Every API access needs (1) minimum context for the query to function, (2) the api to query, and (3) additional context to provide.

For example, if you were to query a FluidInsertable from a block, (1) would be the world and the position, (2) would be an identifier for FluidInsertable, (3) would be the direction, or null if you don't want sided access.

If you were to query the FluidInsertable from an item stack, (1) would be the item stack, (2) would be the same identifier, and (3) would be a way to modify the current stack and somehow take care of the full buckets that could be produced.

1. The minimum context you need is encoded in a very rigid manner in the type system. For a block access, you will need to use BlockApiLookupRegistry. For an item stack access, you will need to use ItemApiLookupRegistry, etc... This API provides building blocks for building custom registries.
2. An ApiKey is the combination of an interface, and an extra identifier. For example, our fluid insertable identifier could be defined like this:

   ApiKey<FluidInsertable> FLUID_INSERTABLE = ApiKey.create(FluidInsertable.class, new Identifier("mylib", "fluid_insertable"));

3. The extra context you need, ContextKey, is the combination of the context class for the extra context, and an extra identifier. It is very similar to an ApiKey:

   /* An example interface that allows updating the current stack, and sending back filled buckets. */
   interface ExcessStacksContext {
       void setStack(ItemStack newStack);
       void sendExcessStack(ItemStack excessStack);
   }
   ContextKey<@NotNull Direction> SIDED = ContextKey.create(Direction.class, new Identifier("c", "sided"));
   ContextKey<@NotNull ExcessStacksContext> EXCESS_STACKS = ContextKey.create(ExcessStacksContext.class, new Identifier("mylib", "excess_stacks"));

   This Api will also provide a few common context, like ContextKey<@Nullable Object> NO_CONTEXT for example.

Querying an API

Let's take our first example. We wish to query FLUID_INSERTABLE from a block in the world, using SIDED as context. The first step is getting a BlockApiLookup from the corresponding registry BlockApiLookupRegistry and caching it:

BlockApiLookup<FluidInsertable, @NotNull Direction> LOOKUP = BlockApiLookupRegistry.get(FLUID_INSERTABLE, SIDED);

Now, we can query the api by providing the world, the position and the extra context (here Direction) to the Lookup:

FluidInsertable fluidInsertable = LOOKUP.get(world, pos, direction);

So, (1) is encoded by the registry you are using, which returns a specific ApiLookup class. (2) and (3) are encoded in the Lookup instance you received from the registry.

Registering an API

An ApiProvider is a function that maps a context of type C to an implementation of an api T. For example, take a look at a BlockApiProvider:

@FunctionalInterface
public interface BlockApiProvider<T, C> {
    @Nullable T get(World world, BlockPos pos, C context);
}

Now, let's register a sided FluidInsertable provider for a FLUID_TRASH_CAN block.
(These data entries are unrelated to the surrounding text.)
(* For every $a\leq 0$ there exists a divergent series of positive real terms $\sum_{n=1}^{\infty}x_n$ such that $\{\sum_{n=1}^{\infty}(x_n-x_{\sigma(n)}) : \sigma\in S_\infty,\ \sum_{n=1}^{\infty}(x_n-x_{\sigma(n)})\text{ converges}\}=[a,\infty)$.
   Context: $S_\infty$ denotes the set of all permutations of $\mathbb{N}$. *)

theory Defs
  imports "HOL-Analysis.Analysis"
begin

end

theory Submission
  imports Defs
begin

text \<open>
Group the positions \<open>p\<close> into consecutive blocks, block \<open>k\<close> having \<open>2(k+1)\<^sup>2\<close> positions,
and pair the \<open>l\<close>-th even position of block \<open>k\<close> with the \<open>l\<close>-th odd position of block \<open>k+1\<close>.
Reading an index \<open>n\<close> as the position \<open>n div 2\<close> plus a bit gives two families of pairs
\<open>{n, mate n}\<close> of indices, with \<open>n\<close> odd or even. The sequence is constant on each pair up to a
small perturbation, and values on different pairs are at least \<open>1\<close> apart and grow linearly,
so the series diverges. The perturbation makes swapping a pair from block \<open>k\<close> change the sum
by \<open>1/(k+1)\<close> (odd family) or by \<open>-|a|/(k+1)\<^sup>2\<close> (even family).

If \<open>\<Sum>(x n - x (\<sigma> n))\<close> converges, its terms eventually lie below \<open>1\<close>, so \<open>\<sigma>\<close> eventually
fixes or swaps every pair, and the \<open>N\<close>-th partial sum is the total gain of the swapped pairs
straddling \<open>N\<close>. Only about \<open>(k+1)\<^sup>2\<close> pairs of the even family straddle \<open>N\<close>, so the
partial sums are at least \<open>a - o(1)\<close>. Conversely, swapping all pairs of the even family and
the first \<open>\<lfloor>t (k+1)\<rfloor>\<close> pairs of the odd family in each block \<open>k\<close> makes the partial
sums converge to \<open>a + t\<close>.
\<close>

lemma sum_diff_comp_inj:
  fixes f :: "'a \<Rightarrow> 'b::ab_group_add"
  assumes "inj \<sigma>" "finite A"
  shows "(\<Sum>n\<in>A. f n - f (\<sigma> n)) = sum f (A - \<sigma> ` A) - sum f (\<sigma> ` A - A)"
proof -
  have "(\<Sum>n\<in>A. f (\<sigma> n)) = sum f (\<sigma> ` A)"
    using assms(1) by (simp add: sum.reindex inj_on_subset)
  moreover have "sum f A = sum f (A \<inter> \<sigma> ` A) + sum f (A - \<sigma> ` A)"
    using assms(2) by (rule sum.Int_Diff)
  moreover have "sum f (\<sigma> ` A) = sum f (\<sigma> ` A \<inter> A) + sum f (\<sigma> ` A - A)"
    using assms(2) by (intro sum.Int_Diff) simp
  ultimately show ?thesis by (simp add: sum_subtractf Int_commute)
qed
(* Let Assumptions 1 and 2 (stated in the context) hold. Then there exists a finite constant $\bar C$, depending only on $\zeta=(c_f,c_W,C_F,C_T,w_1,w_2,x_1,x_2,\tilde x_1,\tilde x_2)$, such that $$\|h\|_{2,t}\le \bar C\,\|Th\|_2\qquad\text{for every } h\in\mathcal M.$$
   Context: Let $(X,W)$ be a random pair with values in $[0,1]^2$; $F_{X|W}(x|w)$, $f_{X|W}(x|w)$, $f_{X,W}$, $f_W$ denote the conditional distribution function of $X$ given $W=w$, the conditional density, the joint density and the marginal density of $W$. Fix constants $0\le x_1<\tilde x_1<\tilde x_2<x_2\le1$ and $0<w_1<w_2<1$. "Increasing" means non-decreasing and "decreasing" means non-increasing. Assumption 1 (Monotone IV): (a) for all $x,w',w''\in(0,1)$ with $w'\le w''$, $F_{X|W}(x|w')\ge F_{X|W}(x|w'')$; (b) there is a constant $C_F>1$ such that $F_{X|W}(x|w_1)\ge C_F F_{X|W}(x|w_2)$ for all $x\in(0,x_2)$, and $C_F(1-F_{X|W}(x|w_1))\le 1-F_{X|W}(x|w_2)$ for all $x\in(x_1,1)$. Assumption 2 (Density): (i) $(X,W)$ has a density $f_{X,W}$ with respect to Lebesgue measure on $[0,1]^2$ with $\int_0^1\int_0^1 f_{X,W}(x,w)^2\,dx\,dw\le C_T$ for a finite constant $C_T$; (ii) there is $c_f>0$ with $f_{X|W}(x|w)\ge c_f$ for all $x\in[x_1,x_2]$ and $w\in\{w_1,w_2\}$; (iii) there are constants $0<c_W\le C_W<\infty$ with $c_W\le f_W(w)\le C_W$ for all $w\in[0,1]$. The operator $T:L^2[0,1]\to L^2[0,1]$ is $(Th)(w)=E[h(X)\mid W=w]f_W(w)=\int_0^1 h(x)f_{X,W}(x,w)\,dx$. The truncated norm is $\|h\|_{2,t}=\big(\int_{\tilde x_1}^{\tilde x_2}h(x)^2dx\big)^{1/2}$, and $\|\cdot\|_2$ is the usual norm of $L^2[0,1]$. $\mathcal M$ denotes the set of all monotone (increasing or decreasing) functions in $L^2[0,1]$. *)

theory Defs
  imports "HOL-Analysis.Analysis"
begin

text \<open>The joint density of (X,W) on the unit square is a function f with f x w = f_{X,W}(x,w).\<close>

definition fW :: "(real \<Rightarrow> real \<Rightarrow> real) \<Rightarrow> real \<Rightarrow> real" where
  "fW f w = (LINT x:{0..1}|lborel. f x w)"

definition condCDF :: "(real \<Rightarrow> real \<Rightarrow> real) \<Rightarrow> real \<Rightarrow> real \<Rightarrow> real" where
  "condCDF f x w = (LINT t:{0..x}|lborel. f t w) / fW f w"

definition condDens :: "(real \<Rightarrow> real \<Rightarrow> real) \<Rightarrow> real \<Rightarrow> real \<Rightarrow> real" where
  "condDens f x w = f x w / fW f w"

definition opT :: "(real \<Rightarrow> real \<Rightarrow> real) \<Rightarrow> (real \<Rightarrow> real) \<Rightarrow> real \<Rightarrow> real" where
  "opT f h w = (LINT x:{0..1}|lborel. h x * f x w)"

definition norm2 :: "(real \<Rightarrow> real) \<Rightarrow> real" where
  "norm2 g = sqrt (LINT x:{0..1}|lborel. (g x)\<^sup>2)"

definition norm2t :: "real \<Rightarrow> real \<Rightarrow> (real \<Rightarrow> real) \<Rightarrow> real" where
  "norm2t a b h = sqrt (LINT x:{a..b}|lborel. (h x)\<^sup>2)"

definition L2_01 :: "(real \<Rightarrow> real) set" where
  "L2_01 = {h. h \<in> borel_measurable lborel \<and> set_integrable lborel {0..1} (\<lambda>x. (h x)\<^sup>2)}"

definition monoL2 :: "(real \<Rightarrow> real) set" where
  "monoL2 = {h. h \<in> L2_01 \<and> (mono_on {0<..<1} h \<or> antimono_on {0<..<1} h)}"

definition monotone_IV :: "(real \<Rightarrow> real \<Rightarrow> real) \<Rightarrow> real \<Rightarrow> real \<Rightarrow> real \<Rightarrow> real \<Rightarrow> real \<Rightarrow> bool" where
  "monotone_IV f C_F x1 x2 w1 w2 \<longleftrightarrow>
     (\<forall>x w' w''. x \<in> {0<..<1} \<and> w' \<in> {0<..<1} \<and> w'' \<in> {0<..<1} \<and> w' \<le> w''
        \<longrightarrow> condCDF f x w' \<ge> condCDF f x w'') \<and>
     1 < C_F \<and>
     (\<forall>x\<in>{0<..<x2}. condCDF f x w1 \<ge> C_F * condCDF f x w2) \<and>
     (\<forall>x\<in>{x1<..<1}. C_F * (1 - condCDF f x w1) \<le> 1 - condCDF f x w2)"

definition density_assm :: "(real \<Rightarrow> real \<Rightarrow> real) \<Rightarrow> real \<Rightarrow> real \<Rightarrow> real \<Rightarrow> real
     \<Rightarrow> real \<Rightarrow> real \<Rightarrow> real \<Rightarrow> real \<Rightarrow> bool" where
  "density_assm f C_T c_f c_W C_W x1 x2 w1 w2 \<longleftrightarrow>
     (\<lambda>(x, w). f x w) \<in> borel_measurable (lborel \<Otimes>\<^sub>M lborel) \<and>
     (\<forall>x\<in>{0..1}. \<forall>w\<in>{0..1}. 0 \<le> f x w) \<and>
     (\<integral>\<^sup>+ z \<in> {0..1} \<times> {0..1}. ennreal (case z of (x, w) \<Rightarrow> f x w) \<partial>(lborel \<Otimes>\<^sub>M lborel)) = 1 \<and>
     (\<integral>\<^sup>+ z \<in> {0..1} \<times> {0..1}. ennreal ((case z of (x, w) \<Rightarrow> f x w)\<^sup>2) \<partial>(lborel \<Otimes>\<^sub>M lborel))
        \<le> ennreal C_T \<and>
     0 < c_f \<and>
     (\<forall>x\<in>{x1..x2}. \<forall>w\<in>{w1, w2}. condDens f x w \<ge> c_f) \<and>
     0 < c_W \<and> c_W \<le> C_W \<and>
     (\<forall>w\<in>{0..1}. c_W \<le> fW f w \<and> fW f w \<le> C_W)"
We will use the Lookup we defined earlier:

LOOKUP.registerForBlocks((world, pos, side) -> { /* return your instance of FluidInsertable */ }, FLUID_TRASH_CAN);

Creating your own registry

TODO

For now have a look at the implementation for blocks.

Questions

Why does registering an ApiKey or a ContextKey need both a class and an Identifier?

It's pretty obvious that the class is needed for compile-time type checking.

The Identifier is also necessary because an API might be used with different semantics, see use case 2.

It should also be possible to expose multiple instances of a generic interface, which have the same Class<>, but need to have different ApiKeys.

Same answer for ContextKeys.